Many years ago, having feasted on numerous Stephen King books, the induced fright fatigue left me feeling  immune to the phenomenon of horror. Ian Cobain has swept away the erroneous comfort of such a belief. Horror fiction has an associated escape mechanism: the reader can always jump up consoled by the fact that it isn’t really happening. Alarmingly, Cruel Britannia brings it home that the worst nightmares can be true and that Freddie Kruger aka British Intelligence Agencies is real.
   
This is a crucially important book, not just for millions of law abiding British citizens who should recoil in horror at what emerges from its pages. The Irish government too, and its citizenry, must ask serious questions about its closest geographical neighbour, the UK. In 1977 when the government in Dublin had succeeded in forcing its London counterpart before the European Court on charges of using torture against Irish citizens, the British were giving undertakings to behave while scheming up new ways to misbehave towards those in their custody.

On page 190 Cruel Britannia reveals the details of a 1977 strike by RUC detectives. It was not the usual industrial action such as the Garda Siochana occasionally mutters about taking. A substantial body of RUC detectives took their action because they had been recorded by MI5 torturing their detainees in 20 interrogation rooms in Castlereagh. Their demand: the freedom to torture in private. They won.

One of the people who made this brutal system possible was the reactionary jurist Kenneth Diplock, whose history stretched back to his time as Secretary to the highly secretive British wartime Executive Committee – ‘Torture Central’. His jury free courts purpose-built in 1973 to facilitate the evidentiary value of confessions, no matter how extracted, continue to masquerade as courts of law in the North.

Today in the North a justice campaign is being built around the convictions of people who were tried without jury and against whom the sole evidence was a signed confession. Through Cobain we now know that the British state has in its possession records of just how such confessions were obtained in the supposedly secretive but monitored environment of RUC interrogation centres. That information should be made available forthwith: not for the purpose of prosecuting the RUC torturers involved. Many, like the thug Bill Mooney, are most likely deceased. But it would be an exercise in justice merely to establish that many people who now carry murder convictions are in fact innocent and that the ‘truth’ they provided in their statements of admission is pretty much useless. That the families of the victims might find it painful to realise that they too were duped by the RUC is hardly a reason for allowing the torture-induced myths of what happened to their lost ones to continue.
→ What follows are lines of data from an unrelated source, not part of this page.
definition conv :: "(nat \<Rightarrow> nat) set \<Rightarrow> ((nat \<Rightarrow> nat) \<Rightarrow> (nat \<Rightarrow> nat) \<Rightarrow> (nat \<Rightarrow> nat))
    \<Rightarrow> ((nat \<Rightarrow> nat) \<Rightarrow> 'k::field) \<Rightarrow> ((nat \<Rightarrow> nat) \<Rightarrow> 'k) \<Rightarrow> (nat \<Rightarrow> nat) \<Rightarrow> 'k" where
  "conv G sub f a g = (\<Sum>h\<in>G. f h * a (sub g h))"

definition mass :: "(nat \<Rightarrow> nat) set \<Rightarrow> ((nat \<Rightarrow> nat) \<Rightarrow> 'k::field) \<Rightarrow> 'k" where
  "mass G a = (\<Sum>u\<in>G. a u)"

text \<open>Matrix of Delta_a : f |-> f * a on F(G,K) w.r.t. the basis of indicator functions
  delta_{e 0}, ..., delta_{e (n-1)}, where e enumerates G: entry (i,j) is a(e i - e j).\<close>
definition delta_mat :: "(nat \<Rightarrow> (nat \<Rightarrow> nat)) \<Rightarrow> nat \<Rightarrow> ((nat \<Rightarrow> nat) \<Rightarrow> (nat \<Rightarrow> nat) \<Rightarrow> (nat \<Rightarrow> nat))
    \<Rightarrow> ((nat \<Rightarrow> nat) \<Rightarrow> 'k::field) \<Rightarrow> 'k mat" where
  "delta_mat e n sub a = mat n n (\<lambda>(i, j). a (sub (e i) (e j)))"

end

theory Submission
  imports Defs "HOL-Library.Poly_Mapping" "HOL-Library.Function_Algebras"
    "HOL-Computational_Algebra.Primes" "HOL-Number_Theory.Cong"
begin
definition PhiW :: "nat \<Rightarrow> (nat \<Rightarrow> nat) \<Rightarrow> (nat \<Rightarrow> bool) \<times> nat set" where
  "PhiW n c = (orient_of n (mconf n c), Mset n c)"

definition cycle_edges :: "nat \<Rightarrow> nat set set" where
  "cycle_edges n = {{i, cyc_succ n i} | i. i < n}"

definition Sub :: "nat \<Rightarrow> (nat set \<times> nat set set) set" where
  "Sub n = {(A, E). A \<subseteq> {..<n} \<and> A \<noteq> {} \<and> E \<subseteq> cycle_edges n \<and> (\<forall>e\<in>E. e \<subseteq> A)}"

definition Sgraph :: "nat \<Rightarrow> (nat \<Rightarrow> bool) \<times> nat set \<Rightarrow> nat set \<times> nat set set" where
  "Sgraph n OM = ({i. i < n \<and> fst OM i}, (\<lambda>i. {cyc_pred n i, i}) ` snd OM)"

definition weight01 :: "nat \<Rightarrow> (nat \<Rightarrow> nat) \<Rightarrow> nat" where
  "weight01 n c = card {i. i < n \<and> (c i = 0 \<or>
      (c i = 1 \<and> (\<exists>j<n. c j = 0 \<and> (\<forall>k \<in> halfopen_int n j i. c k = 1))))}"

end

theory Submission
  imports Defs
begin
Doubtless the British have been practitioners of the dark art of torture for aeons. Cobain merely documents it in its international dimension from World War 2 with startling effect, even to a reader like myself who has little difficulty in believing that the British brutally treat people in their custody. Ever since when at 14 years of age I was made to stand over a radiator in Musgrave Street RUC station while being beaten by a detective trying to extract information that I refused to part with, I have known that it is Big Boys Rules once in the custody of British police.

Cobain explains the cover-up as efficiently as he does the torture. Whether in their conventional wars or in their anti-insurrection campaigns, British warlords have ensured a remarkable consistent: systematically torture and then systemically lie to mask a hidden brutal world.
   
Irish citizens might just think twice about what country they visit. They have no guarantee that a citizen will not be tortured in a foreign country at the request of the British merely for the purpose of pressurising them into joining some armed republican organisation that the British want monitored more closely. Unfortunates have been subject to rendition followed by torture in foreign jails while British officials framed questions for the interrogators and drooled over answers extracted.
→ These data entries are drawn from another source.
(* Let $(\Omega,\mathcal A)$ be a measurable space, let $A$ be a uniform algebra on a compact metric space $K$ with maximal ideal space $M$, and let $f:\Omega\times K\to\mathbb C$ satisfy $f(\omega,\cdot)\in A$ for all $\omega$ and $f(\cdot,z)$ measurable for all $z\in K$. Then the Gelfand transform $\widehat f:\Omega\times M\to\mathbb C$, $\widehat f(\omega,\phi)=\phi(f(\omega,\cdot))$, is a random continuous function on $M$, i.e. $\widehat f(\cdot,\phi)$ is measurable for each $\phi\in M$ and $\widehat f(\omega,\cdot)$ is continuous on $M$ for each $\omega$.
   Context: A uniform algebra on $K$ is a closed subalgebra of $C(K)$ with the sup norm containing the constants and separating points; $M$ is the set of nonzero multiplicative linear functionals on $A$ with the Gelfand (weak-* ) topology. *)

theory Defs
  imports "HOL-Analysis.Analysis" "HOL-Probability.Probability"
begin

text \<open>The compact metric space K is taken to be the (whole) carrier of a metric type 'k
  with compact UNIV.  C(K) is then the set of continuous functions 'k => complex,
  with the sup norm (closedness = closed under uniform limits).\<close>

definition uniform_algebra :: "('k::metric_space \<Rightarrow> complex) set \<Rightarrow> bool" where
  "uniform_algebra A \<longleftrightarrow>
     A \<subseteq> {g. continuous_on UNIV g}
   \<and> (\<forall>f\<in>A. \<forall>g\<in>A. (\<lambda>x. f x + g x) \<in> A)
   \<and> (\<forall>f\<in>A. \<forall>c. (\<lambda>x. c * f x) \<in> A)
   \<and> (\<forall>f\<in>A. \<forall>g\<in>A. (\<lambda>x. f x * g x) \<in> A)
   \<and> (\<forall>c. (\<lambda>_. c) \<in> A)
   \<and> (\<forall>x y. x \<noteq> y \<longrightarrow> (\<exists>g\<in>A. g x \<noteq> g y))
   \<and> (\<forall>s g. (\<forall>n. s n \<in> A) \<and> uniform_limit UNIV s g sequentially \<longrightarrow> g \<in> A)"

text \<open>Maximal ideal space: nonzero multiplicative linear functionals on A
  (functionals are taken extensional, i.e. determined by their values on A).\<close>

definition mult_lin_functionals :: "('k \<Rightarrow> complex) set \<Rightarrow> (('k \<Rightarrow> complex) \<Rightarrow> complex) set" where
  "mult_lin_functionals A = {\<phi>. \<phi> \<in> extensional A
     \<and> (\<forall>f\<in>A. \<forall>g\<in>A. \<phi> (\<lambda>x. f x + g x) = \<phi> f + \<phi> g)
     \<and> (\<forall>f\<in>A. \<forall>c. \<phi> (\<lambda>x. c * f x) = c * \<phi> f)
     \<and> (\<forall>f\<in>A. \<forall>g\<in>A. \<phi> (\<lambda>x. f x * g x) = \<phi> f * \<phi> g)
     \<and> (\<exists>f\<in>A. \<phi> f \<noteq> 0)}"

definition gelfand_topology :: "('k \<Rightarrow> complex) set \<Rightarrow> (('k \<Rightarrow> complex) \<Rightarrow> complex) topology" where
  "gelfand_topology A = topology_generated_by
     ({{\<phi> \<in> mult_lin_functionals A. \<phi> a \<in> U} | a U. a \<in> A \<and> open U}
      \<union> {mult_lin_functionals A})"

end

theory Submission
  imports Defs
begin

(*
  A multiplicative linear functional on a uniform algebra is bounded by the sup norm: if
  |\<phi> g| > sup |g| then h = g / \<phi> g satisfies sup |h| < 1, so 1 - h is invertible in A by the
  Neumann series, although \<phi> (1 - h) = 0.  Hence \<phi> is 1-Lipschitz for the sup distance.

  Since K is compact metric, C(K) and therefore A contain a countable uniformly dense family
  (e k).  For fixed n, the least k with sup |f \<omega> - e k| \<le> 1/(n+1) depends measurably on
  \<omega>, because by continuity the supremum may be taken over a countable dense subset of K; then
  \<phi> (e k) converges to \<phi> (f \<omega>).
*)

context
  fixes A :: "('k::metric_space \<Rightarrow> complex) set"
  assumes ua: "uniform_algebra A"
begin

lemma uniform_algebra_continuous: "g \<in> A \<Longrightarrow> continuous_on UNIV g"
  using ua by (auto simp: uniform_algebra_def)

lemma uniform_algebra_add: "f \<in> A \<Longrightarrow> g \<in> A \<Longrightarrow> (\<lambda>x. f x + g x) \<in> A"
  using ua by (simp add: uniform_algebra_def)

lemma uniform_algebra_cmult: "f \<in> A \<Longrightarrow> (\<lambda>x. c * f x) \<in> A"
  using ua by (simp add: uniform_algebra_def)

lemma uniform_algebra_mult: "f \<in> A \<Longrightarrow> g \<in> A \<Longrightarrow> (\<lambda>x. f x * g x) \<in> A"
  using ua by (simp add: uniform_algebra_def)

lemma uniform_algebra_const: "(\<lambda>_. c) \<in> A"
  using ua by (simp add: uniform_algebra_def)

lemma uniform_algebra_uniform_limit:
  "(\<And>n. s n \<in> A) \<Longrightarrow> uniform_limit UNIV s g sequentially \<Longrightarrow> g \<in> A"
  using ua unfolding uniform_algebra_def by blast

lemma uniform_algebra_diff: "f \<in> A \<Longrightarrow> g \<in> A \<Longrightarrow> (\<lambda>x. f x - g x) \<in> A"
  using uniform_algebra_add[of f "\<lambda>x. (-1) * g x"] uniform_algebra_cmult[of g "-1"] by simp

lemma uniform_algebra_power: "f \<in> A \<Longrightarrow> (\<lambda>x. f x ^ n) \<in> A"
  by (induction n) (simp_all add: uniform_algebra_const uniform_algebra_mult)

lemma uniform_algebra_sum:
  "finite I \<Longrightarrow> (\<And>i. i \<in> I \<Longrightarrow> F i \<in> A) \<Longrightarrow> (\<lambda>x. \<Sum>i\<in>I. F i x) \<in> A"
  by (induction I rule: finite_induct) (simp_all add: uniform_algebra_const uniform_algebra_add)

lemma uniform_algebra_inverse_one_minus:
  assumes h: "h \<in> A" and r: "\<And>x. norm (h x) \<le> r" "r < 1"
  shows "(\<lambda>x. inverse (1 - h x)) \<in> A"
proof (rule uniform_algebra_uniform_limit)
  show "(\<lambda>x. \<Sum>i<n. h x ^ i) \<in> A" for n
    by (intro uniform_algebra_sum uniform_algebra_power h) simp
  have "0 \<le> r"
    using r(1) norm_ge_zero order_trans by blast
  then have summable: "summable (\<lambda>n. r ^ n)"
    using r(2) by (intro summable_geometric) simp
  have "uniform_limit UNIV (\<lambda>n x. \<Sum>i<n. h x ^ i) (\<lambda>x. \<Sum>i. h x ^ i) sequentially"
    by (rule Weierstrass_m_test[OF _ summable]) (simp add: norm_power power_mono r(1))
  moreover have "(\<Sum>i. h x ^ i) = inverse (1 - h x)" for x
    using geometric_sums[of "h x"] r(1)[of x] r(2) by (simp add: sums_iff divide_inverse)
  ultimately show "uniform_limit UNIV (\<lambda>n x. \<Sum>i<n. h x ^ i) (\<lambda>x. inverse (1 - h x)) sequentially"
    by simp
qed

context
  fixes \<phi> :: "('k \<Rightarrow> complex) \<Rightarrow> complex"
  assumes \<phi>: "\<phi> \<in> mult_lin_functionals A"
begin

lemma mult_lin_functional_add: "f \<in> A \<Longrightarrow> g \<in> A \<Longrightarrow> \<phi> (\<lambda>x. f x + g x) = \<phi> f + \<phi> g"
  using \<phi> by (simp add: mult_lin_functionals_def)

lemma mult_lin_functional_cmult: "f \<in> A \<Longrightarrow> \<phi> (\<lambda>x. c * f x) = c * \<phi> f"
  using \<phi> by (simp add: mult_lin_functionals_def)

lemma mult_lin_functional_mult: "f \<in> A \<Longrightarrow> g \<in> A \<Longrightarrow> \<phi> (\<lambda>x. f x * g x) = \<phi> f * \<phi> g"
  using \<phi> by (simp add: mult_lin_functionals_def)

lemma mult_lin_functional_const: "\<phi> (\<lambda>_. c) = c"
proof -
  obtain g where g: "g \<in> A" "\<phi> g \<noteq> 0"
    using \<phi> by (auto simp: mult_lin_functionals_def)
  have "\<phi> g = \<phi> (\<lambda>_. 1) * \<phi> g"
    using mult_lin_functional_mult[OF uniform_algebra_const[of 1] g(1)] by simp
  then have "\<phi> (\<lambda>_. 1) = 1"
    using g(2) by (metis mult_cancel_right2)
  then show ?thesis
    using mult_lin_functional_cmult[OF uniform_algebra_const, of c 1] by simp
qed

lemma mult_lin_functional_diff: "f \<in> A \<Longrightarrow> g \<in> A \<Longrightarrow> \<phi> (\<lambda>x. f x - g x) = \<phi> f - \<phi> g"
  using mult_lin_functional_add[of f "\<lambda>x. (-1) * g x"] mult_lin_functional_cmult[of g "-1"]
    uniform_algebra_cmult[of g "-1"] by simp

lemma mult_lin_functional_norm_le:
  assumes g: "g \<in> A" and B: "\<And>x. norm (g x) \<le> B"
  shows "norm (\<phi> g) \<le> B"
proof (rule ccontr)
  assume "\<not> norm (\<phi> g) \<le> B"
  then have less: "B < norm (\<phi> g)" by simp
  have "0 \<le> B"
    using B norm_ge_zero order_trans by blast
  with less have nonzero: "\<phi> g \<noteq> 0" by auto
  define h where "h = (\<lambda>x. g x / \<phi> g)"
  have hA: "h \<in> A"
    using uniform_algebra_cmult[OF g, of "inverse (\<phi> g)"]
    by (simp add: h_def divide_inverse mult.commute)
  have h_bound: "norm (h x) \<le> B / norm (\<phi> g)" for x
    using B[of x] less by (simp add: h_def norm_divide divide_right_mono)
  have ratio_less: "B / norm (\<phi> g) < 1"
    using less by (simp add: divide_less_eq)
  have inv: "(\<lambda>x. inverse (1 - h x)) \<in> A"
    using h_bound ratio_less by (rule uniform_algebra_inverse_one_minus[OF hA])
  have one_minus: "(\<lambda>x. 1 - h x) \<in> A"
    by (intro uniform_algebra_diff uniform_algebra_const hA)
  have "\<phi> h = 1"
    using mult_lin_functional_cmult[OF g, of "inverse (\<phi> g)"] nonzero
    by (simp add: h_def divide_inverse mult.commute)
  then have "\<phi> (\<lambda>x. 1 - h x) = 0"
    by (simp add: mult_lin_functional_diff[OF uniform_algebra_const hA] mult_lin_functional_const)
  then have "\<phi> (\<lambda>x. (1 - h x) * inverse (1 - h x)) = 0"
    using mult_lin_functional_mult[OF one_minus inv] by simp
  moreover have "h x \<noteq> 1" for x
    using h_bound[of x] ratio_less by auto
  ultimately have "\<phi> (\<lambda>_. 1) = 0"
    by simp
  then show False
    by (simp add: mult_lin_functional_const)
qed

lemma mult_lin_functional_dist_le:
  assumes "f \<in> A" "g \<in> A" and "\<And>x. dist (f x) (g x) \<le> r"
  shows "dist (\<phi> f) (\<phi> g) \<le> r"
proof -
  have "norm (\<phi> (\<lambda>x. f x - g x)) \<le> r"
    using assms by (intro mult_lin_functional_norm_le uniform_algebra_diff) (simp_all add: dist_norm)
  then show ?thesis
    using mult_lin_functional_diff[OF assms(1,2)] by (simp add: dist_norm)
qed

end

end

lemma continuous_map_gelfand_evaluation:
  assumes "a \<in> A"
  shows "continuous_map (gelfand_topology A) euclidean (\<lambda>\<phi>. \<phi> a)"
proof -
  have top: "topspace (gelfand_topology A) = mult_lin_functionals A"
    unfolding gelfand_topology_def by auto
  have "openin (gelfand_topology A) {\<phi> \<in> mult_lin_functionals A. \<phi> a \<in> U}" if "open U" for U
    unfolding gelfand_topology_def using assms that by (intro topology_generated_by_Basis) blast
  then show ?thesis
    by (auto simp: continuous_map top)
qed

definition uniformly_approximates :: "(nat \<Rightarrow> 'k \<Rightarrow> 'b::metric_space) \<Rightarrow> ('k \<Rightarrow> 'b) set \<Rightarrow> bool" where
  "uniformly_approximates F S \<longleftrightarrow> (\<forall>g\<in>S. \<forall>\<epsilon>>0. \<exists>k. \<forall>x. dist (g x) (F k x) < \<epsilon>)"

lemma uniformly_approximatesD:
  "uniformly_approximates F S \<Longrightarrow> g \<in> S \<Longrightarrow> 0 < \<epsilon> \<Longrightarrow> \<exists>k. \<forall>x. dist (g x) (F k x) < \<epsilon>"
  unfolding uniformly_approximates_def by blast

lemma uniformly_approximates_mono:
  "uniformly_approximates F S \<Longrightarrow> T \<subseteq> S \<Longrightarrow> uniformly_approximates F T"
  unfolding uniformly_approximates_def by blast

lemma compact_finite_net:
  assumes "compact (UNIV :: 'k::metric_space set)" and "0 < r"
  shows "\<exists>L :: 'k list. \<forall>x. \<exists>i<length L. dist x (L ! i) < r"
proof -
  have "UNIV \<subseteq> (\<Union>y. ball y r)"
    using assms(2) by auto
  then obtain C :: "'k set" where "finite C" and cover: "UNIV \<subseteq> (\<Union>y\<in>C. ball y r)"
    by (metis compactE_image[OF assms(1), of UNIV "\<lambda>y. ball y r"] open_ball)
  then obtain L where L: "set L = C"
    using finite_list by blast
  have "\<exists>i<length L. dist x (L ! i) < r" for x
  proof -
    obtain y where "y \<in> C" "dist y x < r"
      using cover by (auto simp: subset_eq)
    then show ?thesis
      using L by (auto simp: in_set_conv_nth dist_commute)
  qed
  then show ?thesis
    by blast
qed

lemma compact_finite_nets:
  assumes "compact (UNIV :: 'k::metric_space set)"
  obtains net :: "nat \<Rightarrow> 'k::metric_space list"
  where "\<And>n x. \<exists>i<length (net n). dist x (net n ! i) < inverse (real (Suc n))"
proof -
  have "\<forall>n. \<exists>L :: 'k list. \<forall>x. \<exists>i<length L. dist x (L ! i) < inverse (real (Suc n))"
    using compact_finite_net[OF assms] by simp
  then show ?thesis
    using that by metis
qed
This deeply unsettling book, awash with torture narratives from different countries where the British state has found itself pitted against indigenous populations, reminds us of the precarious world we negotiate, for the most part oblivious to the horrible fate the upholders of law and order have planned for us should we fall into their hands. The Irish writer Roddy Doyle might yet pen a novel The Rule of Law ha ha ha. But it will evoke little laughter as it details screams of pain.
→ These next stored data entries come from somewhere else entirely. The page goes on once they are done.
lemma
  assumes "a \<in> KK \<Gamma>" "a \<noteq> szero"
  shows LM_nonzero: "a (LM a) \<noteq> 0"
    and le_LM: "a \<nu> \<noteq> 0 \<Longrightarrow> mle \<nu> (LM a)"
    and LM_in_group: "LM a \<in> \<Gamma>"
proof -
  have "ssupp a \<noteq> {}" using assms(2) by (auto simp: szero_eq_iff ssupp_def)
  then obtain m where m: "m \<in> ssupp a" "\<forall>t\<in>ssupp a. mle t m"
    using assms(1) unfolding KK_def anti_wo_m_def by blast
  hence "LM a = m" by (intro LM_eqI) (auto simp: ssupp_def)
  thus "a (LM a) \<noteq> 0" "a \<nu> \<noteq> 0 \<Longrightarrow> mle \<nu> (LM a)" "LM a \<in> \<Gamma>"
    using m assms(1) by (auto simp: ssupp_def KK_def)
qed

lemma LM_sscale: "k \<noteq> 0 \<Longrightarrow> LM (sscale k a) = LM a"
  unfolding LM_def sscale_def by simp

lemma LT_sscale: "k \<noteq> 0 \<Longrightarrow> LT (sscale k a) = sscale k (LT a)"
  unfolding LT_def LC_def LM_sscale by (auto simp: sscale_def)

lemma LT_eq_sscale_smono: "LT a = sscale (LC a) (smono (LM a))"
  unfolding LT_def sscale_def smono_def by auto

lemma sscale_one: "sscale 1 a = a"
  unfolding sscale_def by simp

lemma sscale_sscale: "sscale k (sscale c a) = sscale (k * c) a"
  unfolding sscale_def by auto

lemma smono_ne_szero: "smono \<mu> \<noteq> szero"
  unfolding szero_eq_iff smono_def by (metis one_neq_zero)

lemma LM_smono: "LM (smono \<mu>) = \<mu>"
  by (rule LM_eqI) (auto simp: smono_def mle_refl split: if_splits)

lemma smono_in_KK:
  assumes "\<mu> \<in> \<Gamma>"
  shows "smono \<mu> \<in> KK \<Gamma>"
proof -
  have "ssupp (smono \<mu>) = {\<mu>}" by (auto simp: ssupp_def smono_def)
  moreover have "anti_wo_m {\<mu>}"
    unfolding anti_wo_m_def by (auto simp: mle_refl subset_singleton_iff)
  ultimately show ?thesis using assms unfolding KK_def by simp
qed

lemma sscale_smono_in_KK: "\<mu> \<in> \<Gamma> \<Longrightarrow> sscale c (smono \<mu>) \<in> KK \<Gamma>"
  using smono_in_KK[of \<mu> \<Gamma>] unfolding KK_def ssupp_def sscale_def
  by (auto elim!: anti_wo_m_def[THEN iffD1, rule_format] intro!: anti_wo_m_def[THEN iffD2])

lemma sle_smono_iff: "sle (smono \<mu>) (smono \<nu>) \<longleftrightarrow> mle \<mu> \<nu>"
  unfolding sle_def LM_smono by (simp add: smono_ne_szero)

lemma fam_sum_singleton: "fam_sum {i} F = F i"
proof
  fix \<nu>
  show "fam_sum {i} F \<nu> = F i \<nu>"
  proof (cases "F i \<nu> = 0")
    case False
    hence "{j \<in> {i}. F j \<nu> \<noteq> 0} = {i}" by blast
    thus ?thesis by (simp add: fam_sum_def)
  qed (simp add: fam_sum_def)
qed

lemma fam_sum_eq_single: "{i\<in>I. F i \<nu> \<noteq> 0} = {j} \<Longrightarrow> fam_sum I F \<nu> = F j \<nu>"
  unfolding fam_sum_def by simp

lemma fam_sum_nonzero_imp: "fam_sum I F \<nu> \<noteq> 0 \<Longrightarrow> \<exists>i\<in>I. F i \<nu> \<noteq> 0"
  unfolding fam_sum_def by (metis (mono_tags, lifting) empty_Collect_eq sum.empty)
Ian Cobain. Cruel Britannia: A Secret History of Torture. London: Portobello Books. £18.99. ISBN 978-1-84627-333-9


7 comments:

  1. Thank you a cara for again highlighting this as you say "crucially important "book,it is also true the stuff of nightmares,but unlike nightmares when the victim wakes,that is if they are allowed to sleep , the nightmare just gets worse,and what really makes this whole scenario all the more frightening is that its happening on a global scale ,with all sorts of governments and juntas participating in one form or another,even here the government in the Republic is culpable by allowing rendition flights to be refueled at Shannon,Ian Cobains book is I think one of the most important books in a very long time and to ignore the warnings contained within is akin to turkeys voting for christmas, not just a brilliant review a cara but highlighting human rights abuse on a global scale which until its stopped is being carried out in our names,this book should carry the warning ignore at your peril!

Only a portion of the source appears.